带有numpy 1.14的Python3喜欢使用编码
参数:
In [38]: data = np.genfromtxt(txt.splitlines(),delimiter=',',dtype=None,names=True,
...: encoding=None)
In [39]: data
Out[39]:
array([('1-Jan', 43, 41, 0. ), ('2-Jan', 50, 25, 0. ),
('3-Jan', 51, 25, 0. ), ('4-Jan', 44, 25, 0. ),
('5-Jan', 36, 21, 0. ), ('6-Jan', 39, 20, 0. ),
('7-Jan', 47, 21, 0.04), ('8-Jan', 30, 14, 0. ),
('9-Jan', 30, 12, 0. )],
dtype=[('date', '<U5'), ('high', '<i8'), ('low', '<i8'), ('precip', '<f8')])
或者在一行中,仅加载一列:
In [44]: np.genfromtxt(txt.splitlines(),delimiter=',',skip_header=1,usecols=[1]).mean()
Out[44]: 41.111111111111114
这里是我尝试在一个pythonic答案只使用csv库
import csv
with open ('names.csv') as csvfile:
reader = csv.DictReader(csvfile)
print sum(float(d['high']) for d in reader) / (reader.line_num - 1)
如果文件中没有行,则将有一个除以0的值。以下是我仅使用csv库的pythonic答案的尝试
import csv
with open ('names.csv') as csvfile:
reader = csv.DictReader(csvfile)
print sum(float(d['high']) for d in reader) / (reader.line_num - 1)

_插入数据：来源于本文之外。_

lemma nb_finite_orbit_Z_beta:
  fixes \<beta> :: real and m :: nat
  assumes "\<beta> > 1" and "m \<ge> 1" and "\<beta> ^ 3 = m * \<beta>\<^sup>2 + m * \<beta> + m"
    and "u \<in> Z_beta \<beta>"
  shows "nb_finite_orbit \<beta> u"
proof -
  obtain a b c where u: "u = of_int a + of_int b * \<beta> + of_int c * \<beta>\<^sup>2"
    using assms(4) unfolding Z_beta_def by blast
  have "\<beta>\<^sup>2 = m * \<beta> + m + m / \<beta>"
    using cubic_root_bounds(2)[OF assms(1-3)] assms(1) by (simp add: field_simps power2_eq_square)
  then have "u = of_int (a + b * m + c * m + c * m * m) - (\<beta> - m) * of_int (- (b + c * m))
      + m / \<beta> * of_int c"
    unfolding u by (simp add: algebra_simps)
  then show ?thesis
    by (simp only: nb_finite_orbit_coordinates[OF assms(1-3)])
qed

lemma Fin_nb_divide_power:
  assumes "\<beta> > 1" and "x \<in> Fin_nb \<beta>"
  shows "x / (- \<beta>) ^ i \<in> Fin_nb \<beta>"
proof -
  obtain j where "(- \<beta>) ^ j * x \<in> Z_nb \<beta>"
    using assms Fin_nb_iff by blast
  moreover have "(- \<beta>) ^ (j + i) * (x / (- \<beta>) ^ i) = (- \<beta>) ^ j * x"
    using assms(1) by (simp add: power_add)
  ultimately show ?thesis
    using Fin_nb_iff[OF assms(1)] by metis
qed

lemma Z_beta_subset_Fin_nb:
  fixes \<beta> :: real and m :: nat
  assumes "\<beta> > 1" and "m \<ge> 1" and cubic: "\<beta> ^ 3 = m * \<beta>\<^sup>2 + m * \<beta> + m"
  shows "Z_beta \<beta> \<subseteq> Fin_nb \<beta>"
proof
  fix w
  assume w: "w \<in> Z_beta \<beta>"
  have cubic': "\<beta> ^ 3 = of_int (int m) * \<beta>\<^sup>2 + of_int (int m) * \<beta> + of_int (int m)"
    using cubic by simp
  define v where "v = w / (- \<beta>) ^ nb_k \<beta> w"
  have "(- \<beta>) ^ nb_k \<beta> w * v - (nb_T \<beta> ^^ nb_k \<beta> w) v \<in> Z_beta \<beta>"
    by (rule power_mult_minus_funpow_nb_T_mem_Z_beta[OF cubic'])
  then have "(nb_T \<beta> ^^ nb_k \<beta> w) v \<in> Z_beta \<beta>"
    using Z_beta_diff[OF w] assms(1) unfolding v_def by fastforce
  then have "nb_finite_orbit \<beta> v"
    using nb_finite_orbit_Z_beta[OF assms] nb_finite_orbit_funpow_iff[OF assms(1)] by blast
  then show "w \<in> Fin_nb \<beta>"
    unfolding v_def by (rule mem_Fin_nb_if_nb_finite_orbit[OF assms(1) nb_k_mem[OF assms(1)]])
qed

lemma Fin_nb_eq_Z_beta_divide_powers:
  fixes \<beta> :: real and m :: nat
  assumes "\<beta> > 1" and "m \<ge> 1" and cubic: "\<beta> ^ 3 = m * \<beta>\<^sup>2 + m * \<beta> + m"
  shows "Fin_nb \<beta> = {x. \<exists>i. (- \<beta>) ^ i * x \<in> Z_beta \<beta>}"
proof (intro set_eqI iffI)
  fix x
  assume "x \<in> Fin_nb \<beta>"
  moreover have "Z_nb \<beta> \<subseteq> Z_beta \<beta>"
    by (rule Z_nb_subset_Z_beta[OF assms(1), of "int m" "int m" "int m"]) (use cubic in simp)
  ultimately show "x \<in> {x. \<exists>i. (- \<beta>) ^ i * x \<in> Z_beta \<beta>}"
    using Fin_nb_iff[OF assms(1)] by blast
next
  fix x
  assume "x \<in> {x. \<exists>i. (- \<beta>) ^ i * x \<in> Z_beta \<beta>}"
  then obtain i where "(- \<beta>) ^ i * x \<in> Fin_nb \<beta>"
    using Z_beta_subset_Fin_nb[OF assms] by blast
  then have "((- \<beta>) ^ i * x) / (- \<beta>) ^ i \<in> Fin_nb \<beta>"
    by (rule Fin_nb_divide_power[OF assms(1)])
  then show "x \<in> Fin_nb \<beta>"
    using assms(1) by simp
qed

lemma is_ring_set_Fin_nb:
  fixes \<beta> :: real and m :: nat
  assumes "\<beta> > 1" and "m \<ge> 1" and cubic: "\<beta> ^ 3 = m * \<beta>\<^sup>2 + m * \<beta> + m"
  shows "is_ring_set (Fin_nb \<beta>)"
proof -
  have cubic': "\<beta> ^ 3 = of_int (int m) * \<beta>\<^sup>2 + of_int (int m) * \<beta> + of_int (int m)"
    using cubic by simp
  note Z_beta_ring = Z_beta_add Z_beta_uminus Z_beta_mult[OF cubic'] Z_beta_power_minus_beta[OF cubic']
  have "x + y \<in> Fin_nb \<beta> \<and> x * y \<in> Fin_nb \<beta>" if xy: "x \<in> Fin_nb \<beta>" "y \<in> Fin_nb \<beta>" for x y
  proof -
    obtain i j where "(- \<beta>) ^ i * x \<in> Z_beta \<beta>" "(- \<beta>) ^ j * y \<in> Z_beta \<beta>"
      using xy Fin_nb_eq_Z_beta_divide_powers[OF assms] by blast
    moreover have "(- \<beta>) ^ (i + j) * (x + y) = (- \<beta>) ^ j * ((- \<beta>) ^ i * x) + (- \<beta>) ^ i * ((- \<beta>) ^ j * y)"
      "(- \<beta>) ^ (i + j) * (x * y) = ((- \<beta>) ^ i * x) * ((- \<beta>) ^ j * y)"
      by (simp_all add: power_add algebra_simps)
    ultimately show ?thesis
      unfolding Fin_nb_eq_Z_beta_divide_powers[OF assms] using Z_beta_ring by (metis mem_Collect_eq)
  qed
  moreover have "- x \<in> Fin_nb \<beta>" if "x \<in> Fin_nb \<beta>" for x
    using that Z_beta_uminus unfolding Fin_nb_eq_Z_beta_divide_powers[OF assms] by fastforce
  ultimately show ?thesis
    unfolding is_ring_set_def by blast
qed

section \<open>The case \<open>n < m\<close>\<close>

lemma one_mem_Fin_nb:
  assumes "\<beta> \<ge> 2"
  shows "1 \<in> Fin_nb \<beta>"
proof -
  have "\<beta> > 1"
    using assms by simp
  have "2 * \<beta> \<le> \<beta> * \<beta>"
    using assms by (simp add: mult_right_mono)
  then have "\<beta> + 1 < \<beta> * \<beta>"
    using assms by linarith
  then have mem: "1 / (- \<beta>) ^ 1 \<in> {nb_ell \<beta> <..< nb_ell \<beta> + 1}"
    using \<open>\<beta> > 1\<close> nb_ell_add_1[OF \<open>\<beta> > 1\<close>] by (simp add: nb_ell_def field_simps)
  have "nb_T \<beta> (1 / - \<beta>) = 0"
    using \<open>\<beta> > 1\<close> nb_ell_bounds[OF \<open>\<beta> > 1\<close>] nb_T_eq_iff_floor[of \<beta> "1 / - \<beta>" 1]
    by (simp add: floor_eq_iff)
  then have "nb_finite_orbit \<beta> (1 / (- \<beta>) ^ 1)"
    unfolding nb_finite_orbit_def by (intro exI[of _ 1]) simp
  with mem show ?thesis
    by (rule mem_Fin_nb_if_nb_finite_orbit[OF \<open>\<beta> > 1\<close>])
qed

lemma nb_T_fixed_point:
  fixes \<beta> :: real and d :: nat
  assumes "\<beta> > 1" and "d \<le> \<beta>"
  shows "nb_T \<beta> (- real d / (\<beta> + 1)) = - real d / (\<beta> + 1)"
proof -
  have "\<beta> + 1 \<noteq> 0"
    using assms(1) by simp
  have "- \<beta> * (- real d / (\<beta> + 1)) - nb_ell \<beta> = (\<beta> * d + \<beta>) / (\<beta> + 1)"
    unfolding nb_ell_def by (simp add: add_divide_distrib)
  also have "\<dots> = d + (\<beta> - d) / (\<beta> + 1)"
    using \<open>\<beta> + 1 \<noteq> 0\<close> by (simp add: field_simps)
  finally have "- \<beta> * (- real d / (\<beta> + 1)) - nb_ell \<beta> = d + (\<beta> - d) / (\<beta> + 1)" .
  moreover have "0 \<le> (\<beta> - d) / (\<beta> + 1)" "(\<beta> - d) / (\<beta> + 1) < 1"
    using assms by (simp_all add: field_simps)
  ultimately have "\<lfloor>- \<beta> * (- real d / (\<beta> + 1)) - nb_ell \<beta>\<rfloor> = int d"
    by (simp add: floor_eq_iff)
  moreover have "- \<beta> * (- real d / (\<beta> + 1)) - real_of_int (int d) = - real d / (\<beta> + 1)"
    using assms(1) by (simp add: field_simps)
  ultimately show ?thesis
    using nb_T_eq_iff_floor by metis
qed

lemma cubic_root_between:
  fixes m n :: nat and \<beta> :: real
  assumes "1 \<le> n" and "n \<le> m" and "\<beta> > 1"
    and cubic: "\<beta> ^ 3 - real m * \<beta> ^ 2 - real m * \<beta> - real n = 0"
  shows "0 < \<beta>\<^sup>2 - m * \<beta> - m" and "m < \<beta>" and "\<beta> < m + 1"
proof -
  have "\<beta> * (\<beta>\<^sup>2 - m * \<beta> - m) = n"
    using cubic by (simp add: algebra_simps power2_eq_square power3_eq_cube)
  then have "0 < \<beta> * (\<beta>\<^sup>2 - m * \<beta> - m)"
    using assms(1) by simp
  then show "0 < \<beta>\<^sup>2 - m * \<beta> - m"
    using assms(3) by (simp add: zero_less_mult_iff)
  have eq: "\<beta>\<^sup>2 * (\<beta> - m) = m * \<beta> + n"
    using cubic by (simp add: algebra_simps power2_eq_square power3_eq_cube)
  moreover have "0 < m * \<beta> + n"
    using assms(1,3) by (simp add: add_nonneg_pos)
  ultimately have "0 < \<beta>\<^sup>2 * (\<beta> - m)"
    by linarith
  then show "m < \<beta>"
    by (simp add: zero_less_mult_iff)
  show "\<beta> < m + 1"
  proof (rule ccontr)
    assume "\<not> \<beta> < m + 1"
    then have "\<beta>\<^sup>2 * 1 \<le> \<beta>\<^sup>2 * (\<beta> - m)" "(m + 1) * \<beta> \<le> \<beta> * \<beta>" "n < \<beta>"
      using assms(2,3) by (simp_all add: mult_left_mono mult_right_mono)
    then show False
      using eq by (simp add: algebra_simps power2_eq_square)
  qed
qed

lemma nb_T_minus_inverse_square:
  assumes "\<beta> > 1"
  shows "nb_T \<beta> (- 1 / \<beta>\<^sup>2) = 1 / \<beta> - 1"
proof -
  have "- \<beta> * (- 1 / \<beta>\<^sup>2) - nb_ell \<beta> = 1 / \<beta> + \<beta> / (\<beta> + 1)"
    using assms by (simp add: nb_ell_def power2_eq_square)
  moreover have "1 / (\<beta> + 1) + \<beta> / (\<beta> + 1) = 1" "\<beta> / (\<beta> + 1) < 1" "1 / \<beta> < 1"
    "1 / (\<beta> + 1) \<le> 1 / \<beta>"
    using assms by (simp_all add: field_simps)
  ultimately have "\<lfloor>- \<beta> * (- 1 / \<beta>\<^sup>2) - nb_ell \<beta>\<rfloor> = 1"
    by (simp add: floor_eq_iff)
  then have "nb_T \<beta> (- 1 / \<beta>\<^sup>2) = - \<beta> * (- 1 / \<beta>\<^sup>2) - of_int 1"
    by (simp only: nb_T_eq_iff_floor)
  then show ?thesis
    using assms by (simp add: power2_eq_square)
qed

如果文件中没有行,则将有一个除以0的值。+这是我的错+1将
high=int(row['high'])
更改为high。追加(int(row['high'])
在high\u avgs()前面放一个def
:
@PaulPanzer它实际上就在那里。我想把代码从我的函数框中拿出来。将high=int(row['high'])
更改为highs。追加(int(row['high'])
在high\u avgs()前面放一个def
,它实际上就在那里。我想把代码从我的功能盒中拿出来。